Selon l’article 700 1° de ce code, le juge condamne la partie tenue aux dépens ou qui perd son procès à payer à l’autre partie la somme qu’il détermine au titre des frais exposés et non compris dans les dépens, le juge tient compte de l’équité ou de la situation économique de la partie condamnée.
Le premier juge a fait une application équitable de ces dispositions. Les circonstances de l’espèce justifient de débouter les parties de leurs demandes au titre des frais exclus des dépens exposés en cause d’appel.
PAR CES MOTIFS
La Cour,
Statuant en dernier ressort, après débats en audience publique, par arrêt réputé contradictoire rendu par mise à disposition au greffe, dans les limites de l’appel interjeté,
Confirme le jugement sauf en ce qu’il a condamné la SCI La Bichotte à mettre fin, à ses frais et dans les règles de l’art, aux empiétements du chapeau du mur bahut affectant le fonds de M. [X] [D] et Mme [V] [O] épouse [D] ;
Statuant de nouveau,
Déboute M. [X] [D] et Mme [V] [O] épouse [D] de leur demande au titre des empiétements ;
Y ajoutant,
Condamne in solidum M. [X] [D] et Mme [V] [O] épouse [D] à payer à la SCI La Bichotte, représentée par son gérant M. [J] [T], une somme de 750 euros au titre des frais de géomètres ;
Condamne la SCI La Bichotte, représentée par son gérant M. [J] [T] aux dépens d’appel ;
Déboute les parties de leurs demandes au titre de l’article 700 du code de procédure civile.

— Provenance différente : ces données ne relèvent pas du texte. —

lemma symmetric_matrix_inner:
  fixes Q :: "real^'n^'n"
  assumes "transpose Q = Q"
  shows "u \<bullet> (Q *v v) = v \<bullet> (Q *v u)"
proof -
  have "u \<bullet> (Q *v v) = (u v* Q) \<bullet> v" by (simp add: dot_lmul_matrix)
  also have "u v* Q = Q *v u" by (metis assms vector_transpose_matrix)
  finally show ?thesis by (simp add: inner_commute)
qed

lemma quadratic_vertex:
  fixes Q :: "real^'n^'n" and b u0 :: "real^'n" and q :: "real^'n \<Rightarrow> real"
  assumes sym: "transpose Q = Q"
    and q: "\<And>u. q u = u \<bullet> (Q *v u) + b \<bullet> u + a"
    and even: "\<And>h. q (u0 + h) = q (u0 - h)"
    and strict: "\<And>h. h \<noteq> 0 \<Longrightarrow> q u0 < q (u0 + h)"
  shows "(\<forall>u. u \<noteq> 0 \<longrightarrow> u \<bullet> (Q *v u) > 0) \<and> a - (1/4) * (b \<bullet> (matrix_inv Q *v b)) = q u0"
proof -
  define g where "g = 2 *\<^sub>R (Q *v u0) + b"
  have cross: "u0 \<bullet> (Q *v h) = h \<bullet> (Q *v u0)" for h using symmetric_matrix_inner[OF sym] .
  have plus: "q (u0 + h) = q u0 + h \<bullet> g + h \<bullet> (Q *v h)" for h
    using cross[of h] unfolding q g_def
    by (simp add: matrix_vector_right_distrib inner_add_left inner_add_right inner_commute[of b] algebra_simps)
  have minus: "q (u0 - h) = q u0 - h \<bullet> g + h \<bullet> (Q *v h)" for h
    using cross[of h] unfolding q g_def
    by (simp add: matrix_vector_mult_diff_distrib inner_diff_left inner_diff_right inner_add_right
        inner_commute[of b] algebra_simps)
  have "g \<bullet> g = 0" using plus[of g] minus[of g] even[of g] by linarith
  then have b: "b = - (2 *\<^sub>R (Q *v u0))" by (simp add: g_def eq_neg_iff_add_eq_0 add.commute)
  have pd: "\<forall>u. u \<noteq> 0 \<longrightarrow> u \<bullet> (Q *v u) > 0"
    using plus strict by (simp add: b g_def)
  then have "invertible Q"
    by (force simp: invertible_left_inverse matrix_left_invertible_ker)
  then have "matrix_inv Q *v b = - (2 *\<^sub>R u0)"
    by (simp add: b matrix_vector_mult_scaleR matrix_vector_mul_assoc matrix_inv_inverse
        matrix_vector_mult_uminus)
  moreover have "b \<bullet> u0 = - 2 * (u0 \<bullet> (Q *v u0))" by (simp add: b inner_commute)
  ultimately show ?thesis using pd by (simp add: q)
qed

Prononcé par mise à disposition de l’arrêt au greffe de la cour, les parties en ayant été préalablement avisées dans les conditions prévues au deuxième alinéa de l’article 450 du code de procédure civile.
Signé par Madame Fabienne TROUILLER, Présidente et par Madame Jeannette BELROSE, Greffière, auquel la minute de la décision a été remise par le magistrat signataire.